What needs to be done = Every line of the data that contains the string "linarith" must be copied.

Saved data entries
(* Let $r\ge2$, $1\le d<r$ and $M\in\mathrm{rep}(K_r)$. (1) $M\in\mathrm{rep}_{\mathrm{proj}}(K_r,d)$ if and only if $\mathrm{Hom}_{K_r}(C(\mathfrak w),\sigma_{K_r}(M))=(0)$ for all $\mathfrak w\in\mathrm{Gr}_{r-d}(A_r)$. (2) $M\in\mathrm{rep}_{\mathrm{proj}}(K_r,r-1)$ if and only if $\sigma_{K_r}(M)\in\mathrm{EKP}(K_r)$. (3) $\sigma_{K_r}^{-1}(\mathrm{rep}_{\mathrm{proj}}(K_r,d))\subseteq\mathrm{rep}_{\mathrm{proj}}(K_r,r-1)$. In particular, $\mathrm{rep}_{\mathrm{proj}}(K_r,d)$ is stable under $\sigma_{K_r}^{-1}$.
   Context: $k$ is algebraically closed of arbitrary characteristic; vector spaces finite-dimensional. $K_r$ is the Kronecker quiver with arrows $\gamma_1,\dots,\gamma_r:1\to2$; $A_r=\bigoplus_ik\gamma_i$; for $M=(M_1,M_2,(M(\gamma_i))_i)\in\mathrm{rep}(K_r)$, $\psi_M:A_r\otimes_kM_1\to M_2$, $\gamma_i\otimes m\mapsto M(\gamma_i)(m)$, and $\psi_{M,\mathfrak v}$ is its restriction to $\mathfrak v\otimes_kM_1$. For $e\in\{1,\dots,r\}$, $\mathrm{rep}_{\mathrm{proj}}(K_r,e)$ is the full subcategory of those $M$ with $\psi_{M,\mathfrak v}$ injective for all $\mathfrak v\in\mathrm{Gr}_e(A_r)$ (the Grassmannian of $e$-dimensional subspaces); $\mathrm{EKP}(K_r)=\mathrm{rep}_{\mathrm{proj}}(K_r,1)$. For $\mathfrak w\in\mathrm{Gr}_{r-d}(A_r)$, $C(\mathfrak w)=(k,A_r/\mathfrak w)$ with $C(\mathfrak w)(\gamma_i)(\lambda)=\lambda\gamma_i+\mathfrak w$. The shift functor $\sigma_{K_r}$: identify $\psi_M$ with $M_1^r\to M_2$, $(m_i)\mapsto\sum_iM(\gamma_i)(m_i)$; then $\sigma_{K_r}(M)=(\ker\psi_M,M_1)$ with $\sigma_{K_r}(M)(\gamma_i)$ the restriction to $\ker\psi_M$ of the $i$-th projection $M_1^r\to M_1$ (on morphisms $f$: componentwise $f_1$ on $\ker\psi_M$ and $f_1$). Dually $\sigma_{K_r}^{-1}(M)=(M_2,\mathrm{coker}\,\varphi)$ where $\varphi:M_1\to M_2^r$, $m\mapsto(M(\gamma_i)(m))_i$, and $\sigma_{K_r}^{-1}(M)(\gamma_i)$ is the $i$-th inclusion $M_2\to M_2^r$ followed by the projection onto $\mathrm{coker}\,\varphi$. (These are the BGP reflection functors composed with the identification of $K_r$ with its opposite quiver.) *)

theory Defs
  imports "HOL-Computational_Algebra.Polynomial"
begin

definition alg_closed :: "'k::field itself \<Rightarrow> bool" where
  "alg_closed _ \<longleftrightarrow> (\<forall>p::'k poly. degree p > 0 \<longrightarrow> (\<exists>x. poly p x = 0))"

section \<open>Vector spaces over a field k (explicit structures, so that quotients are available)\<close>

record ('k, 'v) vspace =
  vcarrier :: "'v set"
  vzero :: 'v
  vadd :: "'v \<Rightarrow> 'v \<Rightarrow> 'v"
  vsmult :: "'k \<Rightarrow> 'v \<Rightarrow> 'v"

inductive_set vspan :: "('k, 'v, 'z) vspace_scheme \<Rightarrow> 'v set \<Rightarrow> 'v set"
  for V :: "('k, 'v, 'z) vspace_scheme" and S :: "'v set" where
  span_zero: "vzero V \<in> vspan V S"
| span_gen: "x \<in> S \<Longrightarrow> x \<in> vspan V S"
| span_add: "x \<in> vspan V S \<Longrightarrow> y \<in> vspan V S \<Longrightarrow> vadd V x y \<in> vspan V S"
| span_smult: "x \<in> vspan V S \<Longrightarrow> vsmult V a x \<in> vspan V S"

--

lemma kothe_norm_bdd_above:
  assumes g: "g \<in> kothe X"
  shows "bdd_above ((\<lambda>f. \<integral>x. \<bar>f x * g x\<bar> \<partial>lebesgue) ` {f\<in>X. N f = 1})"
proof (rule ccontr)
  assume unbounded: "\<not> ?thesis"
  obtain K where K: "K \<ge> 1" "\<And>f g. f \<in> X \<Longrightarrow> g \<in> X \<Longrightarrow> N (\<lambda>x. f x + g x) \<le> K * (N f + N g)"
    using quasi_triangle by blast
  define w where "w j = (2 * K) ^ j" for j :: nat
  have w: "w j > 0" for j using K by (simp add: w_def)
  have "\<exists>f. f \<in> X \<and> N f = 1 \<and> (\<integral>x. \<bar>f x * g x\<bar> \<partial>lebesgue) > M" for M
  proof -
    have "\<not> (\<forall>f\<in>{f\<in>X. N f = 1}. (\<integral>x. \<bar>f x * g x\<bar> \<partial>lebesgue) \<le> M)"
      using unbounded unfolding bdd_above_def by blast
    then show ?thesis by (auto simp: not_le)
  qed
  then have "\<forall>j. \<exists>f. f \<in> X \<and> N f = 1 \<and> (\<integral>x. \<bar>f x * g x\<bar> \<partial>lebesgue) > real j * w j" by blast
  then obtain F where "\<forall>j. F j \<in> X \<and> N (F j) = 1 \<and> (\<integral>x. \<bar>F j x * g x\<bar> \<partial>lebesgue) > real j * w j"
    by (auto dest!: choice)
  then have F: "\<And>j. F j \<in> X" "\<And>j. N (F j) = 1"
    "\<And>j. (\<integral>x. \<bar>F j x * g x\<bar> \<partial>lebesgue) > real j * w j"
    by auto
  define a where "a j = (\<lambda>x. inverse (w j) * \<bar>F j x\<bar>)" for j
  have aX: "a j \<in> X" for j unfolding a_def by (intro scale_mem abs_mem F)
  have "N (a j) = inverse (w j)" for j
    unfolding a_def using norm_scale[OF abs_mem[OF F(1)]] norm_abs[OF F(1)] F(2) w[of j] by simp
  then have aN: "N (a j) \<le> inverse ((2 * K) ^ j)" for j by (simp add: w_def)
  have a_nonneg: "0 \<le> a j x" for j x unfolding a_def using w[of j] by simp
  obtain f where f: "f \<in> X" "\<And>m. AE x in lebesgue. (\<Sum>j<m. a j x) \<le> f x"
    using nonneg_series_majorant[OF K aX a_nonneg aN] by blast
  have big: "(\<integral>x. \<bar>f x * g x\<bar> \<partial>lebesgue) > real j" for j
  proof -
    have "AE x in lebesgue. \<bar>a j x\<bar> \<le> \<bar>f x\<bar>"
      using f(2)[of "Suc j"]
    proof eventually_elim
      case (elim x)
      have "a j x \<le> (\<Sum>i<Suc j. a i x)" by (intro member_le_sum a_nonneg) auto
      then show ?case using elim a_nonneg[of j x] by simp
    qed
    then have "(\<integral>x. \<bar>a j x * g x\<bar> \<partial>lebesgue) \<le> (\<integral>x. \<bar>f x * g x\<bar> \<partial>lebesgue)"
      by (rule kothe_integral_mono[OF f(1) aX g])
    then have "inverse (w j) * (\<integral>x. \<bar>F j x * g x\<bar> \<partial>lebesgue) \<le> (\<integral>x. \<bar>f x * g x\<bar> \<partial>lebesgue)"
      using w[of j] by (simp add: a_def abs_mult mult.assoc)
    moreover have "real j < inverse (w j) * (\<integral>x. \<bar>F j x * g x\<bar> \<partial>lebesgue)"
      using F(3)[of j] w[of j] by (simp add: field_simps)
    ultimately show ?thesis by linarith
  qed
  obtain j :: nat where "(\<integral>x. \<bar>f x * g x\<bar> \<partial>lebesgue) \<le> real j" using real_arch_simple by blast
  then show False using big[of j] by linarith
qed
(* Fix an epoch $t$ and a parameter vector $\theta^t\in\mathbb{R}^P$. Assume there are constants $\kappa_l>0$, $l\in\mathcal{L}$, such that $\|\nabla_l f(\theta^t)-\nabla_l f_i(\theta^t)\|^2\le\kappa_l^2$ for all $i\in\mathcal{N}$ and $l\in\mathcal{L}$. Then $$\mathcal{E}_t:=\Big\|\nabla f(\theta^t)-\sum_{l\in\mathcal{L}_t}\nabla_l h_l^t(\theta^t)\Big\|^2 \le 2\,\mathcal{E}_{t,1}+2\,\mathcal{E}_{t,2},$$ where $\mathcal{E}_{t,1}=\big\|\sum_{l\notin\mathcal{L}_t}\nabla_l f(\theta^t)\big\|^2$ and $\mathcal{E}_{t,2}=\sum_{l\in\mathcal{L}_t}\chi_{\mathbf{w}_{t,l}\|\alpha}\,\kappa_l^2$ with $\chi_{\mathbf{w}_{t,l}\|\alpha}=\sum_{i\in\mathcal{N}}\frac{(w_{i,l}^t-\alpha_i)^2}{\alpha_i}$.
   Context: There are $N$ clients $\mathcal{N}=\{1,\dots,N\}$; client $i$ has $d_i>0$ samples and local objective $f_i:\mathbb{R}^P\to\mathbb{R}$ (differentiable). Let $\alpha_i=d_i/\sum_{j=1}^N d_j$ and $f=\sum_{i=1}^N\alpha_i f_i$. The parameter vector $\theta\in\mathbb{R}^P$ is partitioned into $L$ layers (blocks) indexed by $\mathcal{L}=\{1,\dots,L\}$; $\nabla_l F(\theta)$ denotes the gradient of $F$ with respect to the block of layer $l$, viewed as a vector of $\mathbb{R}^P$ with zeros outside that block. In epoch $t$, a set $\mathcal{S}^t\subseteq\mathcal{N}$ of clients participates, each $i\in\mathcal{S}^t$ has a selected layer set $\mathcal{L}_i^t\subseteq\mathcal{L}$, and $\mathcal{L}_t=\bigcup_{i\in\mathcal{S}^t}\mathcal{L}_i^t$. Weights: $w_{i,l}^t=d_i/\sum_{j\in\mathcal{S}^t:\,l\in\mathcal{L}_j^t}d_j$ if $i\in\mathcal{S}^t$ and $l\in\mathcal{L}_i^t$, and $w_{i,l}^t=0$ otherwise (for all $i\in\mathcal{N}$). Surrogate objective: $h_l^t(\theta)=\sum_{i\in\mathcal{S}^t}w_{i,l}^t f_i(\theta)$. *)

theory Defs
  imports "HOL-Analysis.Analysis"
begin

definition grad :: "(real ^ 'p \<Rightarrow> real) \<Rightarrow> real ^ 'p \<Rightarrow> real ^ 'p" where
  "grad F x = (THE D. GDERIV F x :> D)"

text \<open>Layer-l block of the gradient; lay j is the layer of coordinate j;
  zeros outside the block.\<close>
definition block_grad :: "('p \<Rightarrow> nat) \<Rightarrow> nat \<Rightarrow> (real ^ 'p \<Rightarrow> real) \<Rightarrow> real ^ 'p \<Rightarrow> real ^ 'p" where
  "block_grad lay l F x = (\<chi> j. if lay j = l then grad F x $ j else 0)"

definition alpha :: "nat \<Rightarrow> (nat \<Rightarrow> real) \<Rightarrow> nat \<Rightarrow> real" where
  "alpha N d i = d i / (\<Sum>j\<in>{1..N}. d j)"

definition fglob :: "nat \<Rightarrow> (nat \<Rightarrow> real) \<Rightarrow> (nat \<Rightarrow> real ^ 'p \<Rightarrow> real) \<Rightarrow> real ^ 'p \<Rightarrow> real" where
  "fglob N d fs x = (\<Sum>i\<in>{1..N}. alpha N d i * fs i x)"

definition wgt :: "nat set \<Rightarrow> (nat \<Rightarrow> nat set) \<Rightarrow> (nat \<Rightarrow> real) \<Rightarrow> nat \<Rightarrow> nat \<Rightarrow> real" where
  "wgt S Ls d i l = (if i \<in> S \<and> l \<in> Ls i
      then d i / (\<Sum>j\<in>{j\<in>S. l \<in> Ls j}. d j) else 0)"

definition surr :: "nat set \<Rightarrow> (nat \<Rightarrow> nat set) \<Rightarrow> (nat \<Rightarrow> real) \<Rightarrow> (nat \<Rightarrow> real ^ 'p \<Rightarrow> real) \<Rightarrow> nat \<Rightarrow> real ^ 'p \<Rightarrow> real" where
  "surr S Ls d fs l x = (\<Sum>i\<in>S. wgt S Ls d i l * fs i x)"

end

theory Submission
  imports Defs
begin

* * *

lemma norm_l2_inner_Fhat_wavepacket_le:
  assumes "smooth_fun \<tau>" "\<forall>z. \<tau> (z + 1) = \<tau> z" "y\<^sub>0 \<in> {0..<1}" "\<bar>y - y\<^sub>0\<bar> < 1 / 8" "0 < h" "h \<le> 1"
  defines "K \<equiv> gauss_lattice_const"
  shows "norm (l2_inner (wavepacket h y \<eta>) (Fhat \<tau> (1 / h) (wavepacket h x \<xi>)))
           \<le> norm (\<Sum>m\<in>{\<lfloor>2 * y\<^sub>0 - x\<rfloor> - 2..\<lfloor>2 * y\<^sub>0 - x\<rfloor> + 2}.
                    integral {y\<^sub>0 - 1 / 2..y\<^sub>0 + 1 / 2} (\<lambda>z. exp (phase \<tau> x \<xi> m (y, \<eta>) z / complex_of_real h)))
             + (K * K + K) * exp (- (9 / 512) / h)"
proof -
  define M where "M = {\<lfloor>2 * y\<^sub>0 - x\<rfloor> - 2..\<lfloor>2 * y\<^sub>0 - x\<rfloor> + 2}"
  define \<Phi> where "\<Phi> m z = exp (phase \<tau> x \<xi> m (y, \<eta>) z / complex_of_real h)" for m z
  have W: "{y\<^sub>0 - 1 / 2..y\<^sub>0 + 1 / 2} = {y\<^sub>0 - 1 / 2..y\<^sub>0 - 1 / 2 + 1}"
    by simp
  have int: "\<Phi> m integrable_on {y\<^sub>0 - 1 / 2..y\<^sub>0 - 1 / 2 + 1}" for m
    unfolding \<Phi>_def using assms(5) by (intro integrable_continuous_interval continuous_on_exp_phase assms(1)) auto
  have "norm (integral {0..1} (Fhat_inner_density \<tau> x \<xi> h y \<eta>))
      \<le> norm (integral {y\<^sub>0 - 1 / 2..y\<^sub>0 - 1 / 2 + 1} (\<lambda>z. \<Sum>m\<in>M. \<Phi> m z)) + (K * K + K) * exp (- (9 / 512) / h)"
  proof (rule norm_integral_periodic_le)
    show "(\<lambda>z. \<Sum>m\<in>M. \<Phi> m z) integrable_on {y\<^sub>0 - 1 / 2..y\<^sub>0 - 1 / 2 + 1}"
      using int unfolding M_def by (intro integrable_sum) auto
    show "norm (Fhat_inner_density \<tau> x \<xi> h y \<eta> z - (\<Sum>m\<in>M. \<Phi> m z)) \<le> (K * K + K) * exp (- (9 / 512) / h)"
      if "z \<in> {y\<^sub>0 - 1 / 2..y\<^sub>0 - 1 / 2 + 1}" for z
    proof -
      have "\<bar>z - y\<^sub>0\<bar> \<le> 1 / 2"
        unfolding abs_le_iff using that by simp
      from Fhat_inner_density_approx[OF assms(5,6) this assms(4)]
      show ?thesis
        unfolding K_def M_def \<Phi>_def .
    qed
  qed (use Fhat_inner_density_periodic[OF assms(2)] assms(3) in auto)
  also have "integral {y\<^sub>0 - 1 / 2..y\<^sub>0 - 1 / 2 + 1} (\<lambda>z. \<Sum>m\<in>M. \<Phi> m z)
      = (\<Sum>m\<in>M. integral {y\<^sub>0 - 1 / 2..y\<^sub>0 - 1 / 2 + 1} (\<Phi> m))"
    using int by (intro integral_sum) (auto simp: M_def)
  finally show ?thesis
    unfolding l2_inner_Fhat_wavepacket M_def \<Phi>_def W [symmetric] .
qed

Task answer =
    ultimately show ?thesis by linarith
  then show False using big[of j] by linarith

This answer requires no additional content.